lemma marked_node_unique:
  assumes c: "c \<in> S" and c': "c' \<in> S" and i: "i \<le> s" and i': "i' \<le> s"
    and eq: "marked_node c i = marked_node c' i'"
  shows "c = c' \<and> i = i'"
proof -
  let ?w = "marked_node c i"
  have cV: "c \<in> V" "c' \<in> V" using c c' centers_in_V by auto
  have w: "?w \<in> V" using marked_node_in_V[OF c i] .
  have dw: "gdist c ?w = i" using gdist_marked_node[OF c i] .
  have dw': "gdist c' ?w = i'" using gdist_marked_node[OF c' i'] eq by simp
  then have "gdist c c' \<le> 2 * s"
    using gdist_triangle[OF cV(1) w cV(2)] gdist_sym[OF w cV(2)] dw i i' by linarith
  then have "c = c'" using centers_separated[OF c c'] by (meson not_le)
  then show ?thesis using dw dw' by simp
qed

lemma advice_marked_node:
  assumes "c \<in> S" "i \<le> s"
  shows "advice (marked_node c i) = header i @ ident_chunk c i"
proof -
  let ?P = "\<lambda>ci. fst ci \<in> S \<and> snd ci \<le> s \<and> marked_node (fst ci) (snd ci) = marked_node c i"
  have "?P (c, i)" using assms by simp
  then have "?P (owner (marked_node c i))" unfolding owner_def by (rule someI)
  then have "fst (owner (marked_node c i)) = c \<and> snd (owner (marked_node c i)) = i"
    using marked_node_unique[of "fst (owner (marked_node c i))" c "snd (owner (marked_node c i))" i] assms
    by blast
  then have "owner (marked_node c i) = (c, i)" by (simp add: prod_eq_iff)
  moreover have "\<exists>c'\<in>S. \<exists>i'\<le>s. marked_node c' i' = marked_node c i" using assms by blast
  ultimately show ?thesis unfolding advice_def by simp
qed

lemma advice_nonempty:
  assumes "advice w \<noteq> []"
  obtains c i where "c \<in> S" "i \<le> s" "marked_node c i = w" "advice w = header i @ ident_chunk c i"
proof -
  obtain c i where "c \<in> S" "i \<le> s" "marked_node c i = w"
    using assms unfolding advice_def by (auto split: if_splits)
  then show ?thesis using that advice_marked_node by blast
qed

lemma header_append_eq:
  assumes "header i @ x = header j @ y"
  shows "i mod 3 = j mod 3 \<and> (i = 0 \<longleftrightarrow> j = 0) \<and> x = y"
proof -
  have eq: "i = 0 \<longleftrightarrow> j = 0" "i mod 3 = 1 \<longleftrightarrow> j mod 3 = 1" "i mod 3 = 2 \<longleftrightarrow> j mod 3 = 2" "x = y"
    using assms unfolding header_def by simp_all
  moreover have "i mod 3 < 3" "j mod 3 < 3" by simp_all
  ultimately have "i mod 3 = j mod 3" by linarith
  with eq show ?thesis by simp
qed

text \<open>A walk from a centre whose i-th node carries the header of index i is that centre's
  marked geodesic: the node reached in step i + 1 is marked by the same centre (by separation)
  with an index within one of i + 1, and the counter modulo 3 pins it down.\<close>

lemma walk_with_headers_is_marked_path:
  assumes c: "c \<in> S" and len: "s \<le> length ps"
    and walks: "\<And>i. i \<le> s \<Longrightarrow> is_walk deg nb c (take i ps)"
    and headers: "\<And>i. i \<le> s \<Longrightarrow> \<exists>x. advice (walk nb c (take i ps)) = header i @ x"
  shows "i \<le> s \<Longrightarrow> walk nb c (take i ps) = marked_node c i"
proof (induction i)
  case (Suc i)
  let ?x = "walk nb c (take i ps)" and ?y = "walk nb c (take (Suc i) ps)"
  have cV: "c \<in> V" using c centers_in_V by blast
  have x: "?x = marked_node c i" using Suc by simp
  have y_walk: "is_walk deg nb c (take (Suc i) ps)" using walks Suc.prems .
  have step: "is_walk deg nb ?x [ps ! i]" "?y = walk nb ?x [ps ! i]"
    using y_walk len Suc.prems by (simp_all add: take_Suc_conv_app_nth)
  have xV: "?x \<in> V" and yV: "?y \<in> V"
    using walk_in_V[OF cV] walks Suc.prems y_walk by auto
  obtain x where "advice ?y = header (Suc i) @ x" using headers Suc.prems by blast
  moreover from this have "advice ?y \<noteq> []" by (simp add: header_def)
  then obtain c' j where c': "c' \<in> S" "j \<le> s" "marked_node c' j = ?y"
      "advice ?y = header j @ ident_chunk c' j"
    by (rule advice_nonempty)
  ultimately have "header j @ ident_chunk c' j = header (Suc i) @ x" by simp
  then have j_mod: "j mod 3 = Suc i mod 3" using header_append_eq by blast
  have dy: "gdist c ?y \<le> Suc i"
    using gdist_walk_le[OF cV y_walk] len Suc.prems by simp
  have c'V: "c' \<in> V" using c' centers_in_V by blast
  have "gdist ?y c' = j" using gdist_marked_node[OF c'(1,2)] c'(3) gdist_sym[OF yV c'V] by simp
  then have "gdist c c' \<le> 2 * s" using gdist_triangle[OF cV yV c'V] dy Suc.prems c'(2) by linarith
  then have "c' = c" using centers_separated[OF c c'(1)] by fastforce
  then have dj: "gdist c ?y = j" using gdist_marked_node[OF c'(1,2)] c'(3) by simp
  have "gdist ?y ?x \<le> 1" using gdist_walk_le[OF xV step(1)] step(2) gdist_sym[OF xV yV] by simp
  moreover have "gdist c ?x = i" using x gdist_marked_node[OF c] Suc.prems by simp
  ultimately have "i \<le> j + 1" using gdist_triangle[OF cV yV xV] dj by linarith
  moreover have "j \<le> Suc i" using dj dy by simp
  ultimately have "j = Suc i" using j_mod by presburger
  then show ?case using c' \<open>c' = c\<close> by simp
qed simp

text \<open>The depth-s view of a centre determines the centre: any node with the same view is a
  centre, its walk along the other centre's geodesic is its own marked geodesic, and both
  geodesics spell out the same identifier.\<close>

lemma view_of_center_determines:
  assumes c: "c \<in> S" and c': "c' \<in> V" and eq: "view deg nb advice s c = view deg nb advice s c'"
  shows "c' = c"
proof -
  let ?ps = "geo c"
  have along: "is_walk deg nb c' (take i ?ps) \<and>
      advice (walk nb c' (take i ?ps)) = header i @ ident_chunk c i" if i: "i \<le> s" for i
  proof -
    have walk: "is_walk deg nb c (take i ?ps)" "length (take i ?ps) = i"
      using geo_walk[OF c] is_walk_take i by auto
    then have "is_walk deg nb c' (take i ?ps) \<and> view deg nb advice (s - i) (marked_node c i)
        = view deg nb advice (s - i) (walk nb c' (take i ?ps))"
      using view_eq_along_walk[OF eq walk(1)] i unfolding marked_node_def by simp
    then show ?thesis using advice_marked_node[OF c i] by (metis view_adv_view)
  qed
  have "c' \<in> S"
  proof -
    have "advice c' = header 0 @ ident_chunk c 0" using along[of 0] by simp
    moreover from this have "advice c' \<noteq> []" by (simp add: header_def)
    then obtain c'' j where c'': "c'' \<in> S" "j \<le> s" "marked_node c'' j = c'"
        "advice c' = header j @ ident_chunk c'' j"
      by (rule advice_nonempty)
    ultimately have "header j @ ident_chunk c'' j = header 0 @ ident_chunk c 0" by simp
    then have "j = 0" using header_append_eq by blast
    then show ?thesis using c'' by simp
  qed
  then have "walk nb c' (take i ?ps) = marked_node c' i" if "i \<le> s" for i
    using walk_with_headers_is_marked_path[of c' ?ps] along geo_walk[OF c] that by blast
  then have "ident_chunk c' i = ident_chunk c i" if "i \<le> s" for i
    using advice_marked_node[OF \<open>c' \<in> S\<close> that] along[OF that] that by simp
  then have "ident c' = ident c"
    using list_eq_by_chunks[of "ident c'" s m "ident c"] ident_length c' c centers_in_V
    unfolding ident_chunk_def by blast
  then show ?thesis using ident_inj c' c centers_in_V by (meson inj_onD subsetD)
qed

lemma inj_on_view:
  assumes "3 * s \<le> K"
  shows "inj_on (view deg nb advice K) V"
proof (rule inj_onI)
  fix u u' assume u: "u \<in> V" and u': "u' \<in> V" and eq: "view deg nb advice K u = view deg nb advice K u'"
  obtain c where c: "c \<in> S" "gdist u c \<le> 2 * s" using centers_cover u by blast
  then have cV: "c \<in> V" using centers_in_V by blast
  obtain ps where ps: "is_walk deg nb u ps" "walk nb u ps = c" "length ps = gdist u c"
    using shortest_walk[OF u cV] by blast
  have len: "length ps \<le> K" "s \<le> K - length ps" using ps c assms by linarith+
  have u'_walk: "is_walk deg nb u' ps"
      "view deg nb advice (K - length ps) c = view deg nb advice (K - length ps) (walk nb u' ps)"
    using view_eq_along_walk[OF eq ps(1) len(1)] ps(2) by auto
  then have "walk nb u' ps = c"
    using view_of_center_determines[OF c(1) walk_in_V[OF u' u'_walk(1)]] view_eq_mono[OF u'_walk(2) len(2)] by simp
  then show "u = u'" using view_eq_walk_end_eq[OF eq u u' ps(1) len(1)] ps(2) by simp
qed

end

context connected_port_graph
begin

lemma injective_views_advice:
  assumes "3 * s \<le> K" "2 * s \<le> pg_diam V deg nb" "card V \<le> 2 ^ (Suc s * m)"
  shows "\<exists>adv. (\<forall>v. length (adv v) \<le> m + 4) \<and> inj_on (view deg nb adv K) V"
proof -
  obtain S where S: "S \<subseteq> V" "\<forall>a\<in>S. \<forall>b\<in>S. a \<noteq> b \<longrightarrow> 2 * s < gdist a b"
      "\<forall>u\<in>V. \<exists>c\<in>S. gdist u c \<le> 2 * s"
    using maximal_separated_set[of "2 * s"] by auto
  have "\<forall>c\<in>S. \<exists>ps. is_walk deg nb c ps \<and> s \<le> length ps \<and> (\<forall>i\<le>s. gdist c (walk nb c (take i ps)) = i)"
    using long_geodesic_from[OF _ assms(2)] S(1) by blast
  then obtain geo where geo: "\<forall>c\<in>S. is_walk deg nb c (geo c) \<and> s \<le> length (geo c) \<and>
      (\<forall>i\<le>s. gdist c (walk nb c (take i (geo c))) = i)"
    by metis
  obtain ident :: "nat \<Rightarrow> bool list" where ident: "inj_on ident V" "\<forall>v\<in>V. length (ident v) = Suc s * m"
    using binary_codes_exist[OF finite_V assms(3)] by blast
  interpret path_marking V deg nb s m S geo ident
    using S geo ident by unfold_locales auto
  show ?thesis using advice_length inj_on_view[OF assms(1)] by blast
qed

Task requirements: Set down exactly the line that holds "using long_geodesic_from[OF _" and all lines after it to the end of the data.

Answer box:
    using long_geodesic_from[OF _ assms(2)] S(1) by blast
  then obtain geo where geo: "\<forall>c\<in>S. is_walk deg nb c (geo c) \<and> s \<le> length (geo c) \<and>
      (\<forall>i\<le>s. gdist c (walk nb c (take i (geo c))) = i)"
    by metis
  obtain ident :: "nat \<Rightarrow> bool list" where ident: "inj_on ident V" "\<forall>v\<in>V. length (ident v) = Suc s * m"
    using binary_codes_exist[OF finite_V assms(3)] by blast
  interpret path_marking V deg nb s m S geo ident
    using S geo ident by unfold_locales auto
  show ?thesis using advice_length inj_on_view[OF assms(1)] by blast
qed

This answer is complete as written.